Despite the wide and increasing adoption of Unicode (and UTF-8 in particular) in PHP applications, PHP does not yet have a Unicode codepoint escape syntax in string literals, unlike many other languages. This is unfortunate, as in many cases it can be useful to specify Unicode codepoints by number, rather than using the codepoint directly. For example, say you wish to output the UTF-8 encoded Unicode codepoint U+202E RIGHT-TO-LEFT OVERRIDE in order to display text right-to-left. You could embed it in source code directly, but it is an invisible character and would display the rest of the line of code (or indeed entire program) in reverse!

The solution is to add a Unicode codepoint escape sequence syntax to string literals. This would mean you could produce U+202E like so:

echo "\u{202E}Reversed text"; // outputs ‮Reversed text

Another use is to visually distinguish between visually similar or identical, yet differently encoded, Unicode characters, if you need to output one or the other specifically. The following two lines of code actually have slightly different output, but you couldn't tell by looking at them:

echo "mañana";
echo "mañana";

However, by using an escape sequence to produce the ñ, it becomes clearer:

echo "ma\u{00F1}ana"; // pre-composed character
echo "man\u{0303}ana"; // "n" with combining ~ character (U+0303)

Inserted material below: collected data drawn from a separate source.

(* Let $k\ge3$ be odd and let $G$ be a $k$-uniform hypergraph. Then the number of minimal canonical H-eigenvectors of the signless Laplacian tensor $\mathcal D+\mathcal A$ corresponding to the eigenvalue $0$, counted with $\mathbf x$ and $-\mathbf x$ identified, equals the number of singletons (isolated vertices) of $G$.
   Context: A $k$-uniform hypergraph $G=(V,E)$ has vertex set $V=[n]$ ($n\ge k$) and nonempty edge set $E$ of $k$-element subsets; $E_i=\{e\in E:i\in e\}$, $d_i=|E_i|$; a singleton is a vertex with $d_i=0$. $\mathcal A$: $a_{i_1\dots i_k}=\frac1{(k-1)!}$ if $\{i_1,\dots,i_k\}\in E$, else $0$; $\mathcal D$ diagonal with $d_{i\dots i}=d_i$; so $((\mathcal D+\mathcal A)\mathbf x^{k-1})_i=d_ix_i^{k-1}+\sum_{e\in E_i}\prod_{j\in e\setminus\{i\}}x_j$. A nonzero $\mathbf x\in\mathbb C^n$ is an eigenvector of $\mathcal T$ for $\lambda$ if $(\mathcal T\mathbf x^{k-1})_i=\lambda x_i^{k-1}$ for all $i$; an H-eigenvector is a real eigenvector; canonical means $\max_i|x_i|=1$; an eigenvector of eigenvalue $0$ is minimal if no eigenvector of eigenvalue $0$ has support strictly contained in its support. *)

theory Defs
  imports Complex_Main
begin

text \<open>Vertex set: a finite type 'a (playing the role of [n]). Vectors: functions 'a \<Rightarrow> complex.\<close>

definition uniform_hypergraph :: "nat \<Rightarrow> 'a::finite set set \<Rightarrow> bool" where
  "uniform_hypergraph k E \<longleftrightarrow> E \<noteq> {} \<and> (\<forall>e\<in>E. card e = k)"

definition edges_at :: "'a set set \<Rightarrow> 'a \<Rightarrow> 'a set set" where
  "edges_at E i = {e\<in>E. i \<in> e}"

definition hdeg :: "'a set set \<Rightarrow> 'a \<Rightarrow> nat" where
  "hdeg E i = card (edges_at E i)"

definition singletons :: "'a::finite set set \<Rightarrow> 'a set" where
  "singletons E = {i. hdeg E i = 0}"

text \<open>((D + A) x^(k-1))_i\<close>
definition signless_lap_apply :: "nat \<Rightarrow> 'a set set \<Rightarrow> ('a \<Rightarrow> complex) \<Rightarrow> 'a \<Rightarrow> complex" where
  "signless_lap_apply k E x i =
     of_nat (hdeg E i) * x i ^ (k - 1) + (\<Sum>e\<in>edges_at E i. \<Prod>j\<in>e - {i}. x j)"

definition is_eigvec :: "nat \<Rightarrow> 'a set set \<Rightarrow> complex \<Rightarrow> ('a \<Rightarrow> complex) \<Rightarrow> bool" where
  "is_eigvec k E lam x \<longleftrightarrow> x \<noteq> (\<lambda>_. 0) \<and>
     (\<forall>i. signless_lap_apply k E x i = lam * x i ^ (k - 1))"

definition is_H_eigvec :: "nat \<Rightarrow> 'a set set \<Rightarrow> complex \<Rightarrow> ('a \<Rightarrow> complex) \<Rightarrow> bool" where
  "is_H_eigvec k E lam x \<longleftrightarrow> is_eigvec k E lam x \<and> (\<forall>i. x i \<in> \<real>)"

definition canonical :: "('a::finite \<Rightarrow> complex) \<Rightarrow> bool" where
  "canonical x \<longleftrightarrow> Max (range (\<lambda>i. cmod (x i))) = 1"

definition vsupp :: "('a \<Rightarrow> complex) \<Rightarrow> 'a set" where
  "vsupp x = {i. x i \<noteq> 0}"

definition minimal_zero_eigvec :: "nat \<Rightarrow> 'a set set \<Rightarrow> ('a \<Rightarrow> complex) \<Rightarrow> bool" where
  "minimal_zero_eigvec k E x \<longleftrightarrow> is_eigvec k E 0 x \<and>
     \<not> (\<exists>y. is_eigvec k E 0 y \<and> vsupp y \<subset> vsupp x)"

definition min_can_H0 :: "nat \<Rightarrow> 'a::finite set set \<Rightarrow> ('a \<Rightarrow> complex) set" where
  "min_can_H0 k E = {x. is_H_eigvec k E 0 x \<and> canonical x \<and> minimal_zero_eigvec k E x}"

end

theory Submission imports Defs begin

text \<open>Let \<open>x\<close> be a real eigenvector for the eigenvalue 0 and \<open>m = max |x_j| > 0\<close>, attained at
  \<open>i\<close>. As \<open>k - 1\<close> is even, the equation at \<open>i\<close> reads \<open>d_i m^(k-1) + \<Sum>_(e\<ni>i) \<Prod>_(e-{i}) x = 0\<close>,
  and every product is at least \<open>-m^(k-1)\<close>, so every one of them equals \<open>-m^(k-1)\<close>. If \<open>i\<close>
  lay on an edge \<open>e\<close>, then \<open>|\<Prod>_e x| = m^k\<close> forces \<open>|x_l| = m\<close> on \<open>e\<close>; the same argument
  at every \<open>l \<in> e\<close> gives \<open>\<Prod>_e x = -m^(k-1) x_l\<close>, so \<open>x\<close> is constant on \<open>e\<close> and
  \<open>\<Prod>_(e-{i}) x = x_i^(k-1) = m^(k-1) > 0\<close>, a contradiction. Hence every such \<open>x\<close> is nonzero
  at a singleton; the minimal canonical ones are therefore exactly \<open>\<plusminus>\<close> the unit vectors at
  singletons.\<close>

lemma sum_eq_card_mult_lower_bound:
  fixes f :: "'a \<Rightarrow> 'b::linordered_idom"
  assumes "finite A" and "\<And>a. a \<in> A \<Longrightarrow> c \<le> f a" and "sum f A = of_nat (card A) * c"
    and "a \<in> A"
  shows "f a = c"
proof -
  have "(\<Sum>a\<in>A. f a - c) = 0"
    using assms(3) by (simp add: sum_subtractf)
  then have "\<forall>a\<in>A. f a - c = 0"
    using assms(1,2) by (subst (asm) sum_nonneg_eq_0_iff) auto
  then show ?thesis using assms(4) by simp
qed

lemma abs_prod_le_power_card:
  fixes f :: "'a \<Rightarrow> 'b::linordered_field"
  assumes "\<And>l. l \<in> A \<Longrightarrow> \<bar>f l\<bar> \<le> m"
  shows "\<bar>prod f A\<bar> \<le> m ^ card A"
proof -
  have "\<bar>prod f A\<bar> = (\<Prod>l\<in>A. \<bar>f l\<bar>)" by (rule abs_prod)
  also have "\<dots> \<le> (\<Prod>l\<in>A. m)" by (rule prod_mono) (simp add: assms)
  finally show ?thesis by simp
qed

lemma abs_eq_bound_if_abs_prod_eq_power_card:
  fixes f :: "'a \<Rightarrow> 'b::linordered_field"
  assumes "finite A" and bound: "\<And>l. l \<in> A \<Longrightarrow> \<bar>f l\<bar> \<le> m"
    and prod_eq: "\<bar>prod f A\<bar> = m ^ card A" and "m > 0" and "l \<in> A"
  shows "\<bar>f l\<bar> = m"
proof -
  have card_A: "card A = Suc (card (A - {l}))"
    using card_Suc_Diff1[OF assms(1,5)] by simp
  have "prod f A = f l * prod f (A - {l})" by (rule prod.remove[OF assms(1,5)])
  then have "m * m ^ card (A - {l}) = \<bar>f l * prod f (A - {l})\<bar>"
    using prod_eq card_A by simp
  also have "\<dots> \<le> \<bar>f l\<bar> * m ^ card (A - {l})"
    unfolding abs_mult by (intro mult_left_mono abs_prod_le_power_card) (auto intro: bound)
  finally have "m \<le> \<bar>f l\<bar>" using \<open>m > 0\<close> by simp
  with bound[OF \<open>l \<in> A\<close>] show ?thesis by simp
qed

lemma real_zero_eigvec_nonzero_at_singleton:
  fixes x :: "'a::finite \<Rightarrow> real" and E :: "'a set set"
  assumes "odd k" and card_edge: "\<forall>e\<in>E. card e = k"
    and eigen: "\<And>i. real (hdeg E i) * x i ^ (k - 1) + (\<Sum>e\<in>edges_at E i. \<Prod>j\<in>e - {i}. x j) = 0"
    and "x j\<^sub>0 \<noteq> 0"
  shows "\<exists>i\<in>singletons E. x i \<noteq> 0"
proof -
  define m where "m = Max (range (\<lambda>j. \<bar>x j\<bar>))"
  have bound: "\<And>j. \<bar>x j\<bar> \<le> m" unfolding m_def by (rule Max_ge) auto
  have "m \<in> range (\<lambda>j. \<bar>x j\<bar>)" unfolding m_def by (rule Max_in) auto
  then obtain i where x_i: "\<bar>x i\<bar> = m" by auto
  have "m > 0" using bound[of j\<^sub>0] \<open>x j\<^sub>0 \<noteq> 0\<close> by linarith
  have even_k1: "even (k - 1)" using \<open>odd k\<close> by simp
  have card_edge_minus: "card (e - {j}) = k - 1" if "e \<in> edges_at E j" for e j
    using that card_edge by (simp add: edges_at_def card_Diff_singleton)
  have edge_prod: "(\<Prod>l\<in>e - {j}. x l) = - (m ^ (k - 1))"
    if "\<bar>x j\<bar> = m" and "e \<in> edges_at E j" for j e
  proof (rule sum_eq_card_mult_lower_bound[OF _ _ _ \<open>e \<in> edges_at E j\<close>])
    show "- (m ^ (k - 1)) \<le> (\<Prod>l\<in>e' - {j}. x l)" if "e' \<in> edges_at E j" for e'
      using abs_prod_le_power_card[of "e' - {j}" x m] bound card_edge_minus[OF that]
      by (simp add: abs_le_iff)
    have "x j ^ (k - 1) = m ^ (k - 1)"
      using \<open>\<bar>x j\<bar> = m\<close> power_even_abs[OF even_k1, of "x j"] by simp
    then show "(\<Sum>e'\<in>edges_at E j. \<Prod>l\<in>e' - {j}. x l) = of_nat (card (edges_at E j)) * - (m ^ (k - 1))"
      using eigen[of j] by (simp add: hdeg_def eq_neg_iff_add_eq_0 add.commute)
  qed simp
  show ?thesis
  proof (rule ccontr)
    assume "\<not> ?thesis"
    with x_i \<open>m > 0\<close> have "hdeg E i \<noteq> 0" by (auto simp: singletons_def)
    then obtain e where e_i: "e \<in> edges_at E i" by (auto simp: hdeg_def)
    then have "i \<in> e" by (simp add: edges_at_def)
    have prod_split: "(\<Prod>j\<in>e. x j) = x l * (\<Prod>j\<in>e - {l}. x j)" if "l \<in> e" for l
      using that by (simp add: prod.remove)
    have prod_e: "(\<Prod>j\<in>e. x j) = - (m ^ (k - 1)) * x i"
      using prod_split[OF \<open>i \<in> e\<close>] edge_prod[OF x_i e_i] by simp
    moreover have "m ^ card e = m * m ^ (k - 1)"
    proof -
      have "card e = Suc (k - 1)" using e_i card_edge \<open>odd k\<close> by (simp add: edges_at_def)
      then show ?thesis by simp
    qed
    ultimately have abs_prod_e: "\<bar>\<Prod>j\<in>e. x j\<bar> = m ^ card e"
      using x_i \<open>m > 0\<close> by (simp add: abs_mult mult.commute)
    have abs_on_e: "\<bar>x l\<bar> = m" if "l \<in> e" for l
      using abs_eq_bound_if_abs_prod_eq_power_card[of e x m l] bound abs_prod_e \<open>m > 0\<close> that
      by simp
    have "x l = x i" if "l \<in> e" for l
    proof -
      have "e \<in> edges_at E l" using that e_i by (simp add: edges_at_def)
      then have "(\<Prod>j\<in>e. x j) = - (m ^ (k - 1)) * x l"
        using prod_split[OF that] edge_prod[OF abs_on_e[OF that]] by simp
      with prod_e show ?thesis using \<open>m > 0\<close> by simp
    qed
    then have "(\<Prod>l\<in>e - {i}. x l) = x i ^ (k - 1)"
      using card_edge_minus[OF e_i] by simp
    also have "\<dots> = m ^ (k - 1)"
      using x_i power_even_abs[OF even_k1, of "x i"] by simp
    finally show False using edge_prod[OF x_i e_i] \<open>m > 0\<close> by simp
  qed
qed

definition unit_vec :: "'a \<Rightarrow> complex \<Rightarrow> 'a \<Rightarrow> complex" where
  "unit_vec i c = (\<lambda>j. if j = i then c else 0)"

lemma vsupp_unit_vec: "c \<noteq> 0 \<Longrightarrow> vsupp (unit_vec i c) = {i}"
  by (auto simp: vsupp_def unit_vec_def)

lemma unit_vec_is_zero_eigvec:
  assumes "k \<ge> 3" and card_edge: "\<forall>e\<in>E. card e = k" and "i \<in> singletons E" and "c \<noteq> 0"
  shows "is_eigvec k E 0 (unit_vec i c)"
proof -
  have no_edge_i: "edges_at E i = {}" using \<open>i \<in> singletons E\<close> by (simp add: singletons_def hdeg_def)
  have prod_vanishes: "(\<Prod>l\<in>e - {j}. unit_vec i c l) = 0" if "e \<in> edges_at E j" for e j
  proof -
    have "e \<in> E" "j \<in> e" using that by (auto simp: edges_at_def)
    then have "i \<notin> e" using no_edge_i by (auto simp: edges_at_def)
    have "card (e - {j}) \<noteq> 0" using \<open>e \<in> E\<close> \<open>j \<in> e\<close> card_edge \<open>k \<ge> 3\<close> by simp
    then obtain l where "l \<in> e - {j}" by (metis card.empty ex_in_conv)
    with \<open>i \<notin> e\<close> show ?thesis by (intro prod_zero) (auto simp: unit_vec_def)
  qed
  have "signless_lap_apply k E (unit_vec i c) j = 0" for j
  proof (cases "j = i")
    case True
    then show ?thesis by (simp add: signless_lap_apply_def no_edge_i hdeg_def)
  next
    case False
    have "(\<Sum>e\<in>edges_at E j. \<Prod>l\<in>e - {j}. unit_vec i c l) = 0"
      by (rule sum.neutral) (use prod_vanishes in blast)
    moreover have "unit_vec i c j = 0" using False by (simp add: unit_vec_def)
    ultimately show ?thesis using \<open>k \<ge> 3\<close> by (simp add: signless_lap_apply_def)
  qed
  moreover have "unit_vec i c \<noteq> (\<lambda>_. 0)" using \<open>c \<noteq> 0\<close> by (metis unit_vec_def)
  ultimately show ?thesis by (simp add: is_eigvec_def)
qed

lemma signless_lap_apply_of_real:
  "signless_lap_apply k E (\<lambda>j. of_real (x j)) i
     = of_real (real (hdeg E i) * x i ^ (k - 1) + (\<Sum>e\<in>edges_at E i. \<Prod>j\<in>e - {i}. x j))"
  by (simp add: signless_lap_apply_def)

lemma min_can_H0_imp_unit_vec:
  fixes E :: "'a::finite set set"
  assumes "k \<ge> 3" and "odd k" and card_edge: "\<forall>e\<in>E. card e = k" and "x \<in> min_can_H0 k E"
  shows "\<exists>i\<in>singletons E. x = unit_vec i 1 \<or> x = unit_vec i (-1)"
proof -
  have "is_eigvec k E 0 x" and real_x: "\<forall>i. x i \<in> \<real>" and "canonical x"
    and minimal: "minimal_zero_eigvec k E x"
    using \<open>x \<in> min_can_H0 k E\<close> by (auto simp: min_can_H0_def is_H_eigvec_def)
  define r where "r j = Re (x j)" for j
  have x_r: "x = (\<lambda>j. of_real (r j))" using real_x by (auto simp: r_def of_real_Re)
  have "x \<noteq> (\<lambda>_. 0)" using \<open>is_eigvec k E 0 x\<close> by (simp add: is_eigvec_def)
  then obtain j\<^sub>0 where "r j\<^sub>0 \<noteq> 0" by (auto simp: x_r fun_eq_iff)
  moreover have "real (hdeg E i) * r i ^ (k - 1) + (\<Sum>e\<in>edges_at E i. \<Prod>j\<in>e - {i}. r j) = 0" for i
  proof -
    have "signless_lap_apply k E (\<lambda>j. of_real (r j)) i = 0"
      using \<open>is_eigvec k E 0 x\<close> \<open>k \<ge> 3\<close> by (simp add: is_eigvec_def flip: x_r)
    then show ?thesis by (simp only: signless_lap_apply_of_real of_real_eq_0_iff)
  qed
  ultimately obtain i where "i \<in> singletons E" and "r i \<noteq> 0"
    using real_zero_eigvec_nonzero_at_singleton[OF \<open>odd k\<close> card_edge] by blast
  have "is_eigvec k E 0 (unit_vec i 1)"
    using unit_vec_is_zero_eigvec[OF \<open>k \<ge> 3\<close> card_edge \<open>i \<in> singletons E\<close>] by simp
  with minimal have "\<not> {i} \<subset> vsupp x"
    using vsupp_unit_vec[of 1 i] unfolding minimal_zero_eigvec_def by auto
  moreover have "{i} \<subseteq> vsupp x" using \<open>r i \<noteq> 0\<close> by (simp add: vsupp_def x_r)
  ultimately have "vsupp x = {i}" by blast
  then have x_outside: "r j = 0" if "j \<noteq> i" for j
    using that by (auto simp: vsupp_def x_r)
  then have x_i: "x = unit_vec i (x i)" by (auto simp: unit_vec_def fun_eq_iff x_r)
  have "\<bar>r j\<bar> \<le> \<bar>r i\<bar>" for j using x_outside[of j] by (cases "j = i") auto
  then have "Max (range (\<lambda>j. cmod (x j))) = \<bar>r i\<bar>"
    by (intro Max_eqI) (auto simp: x_r)
  then have "r i = 1 \<or> r i = -1" using \<open>canonical x\<close> by (auto simp: canonical_def)
  then have "x i = 1 \<or> x i = -1" by (auto simp: x_r)
  with x_i \<open>i \<in> singletons E\<close> show ?thesis by metis
qed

A further use is to produce characters you can't type on your keyboard. If you are unable to type the emoji for FACE WITH TEARS OF JOY, you can use its escape sequence instead:

echo "\u{1F602}"; // outputs 


Version Changed Date
5 Added Errata
0.1.3 \u without a following opening { passes through verbatim
0.1.2 Ruby support
0.1.1 Added Future Scope note on named literals
0.1 Initial version


An option needs 2/3 votes to win

Accept the Unicode Codepoint Escape Syntax RFC and merge into master? (92% approved)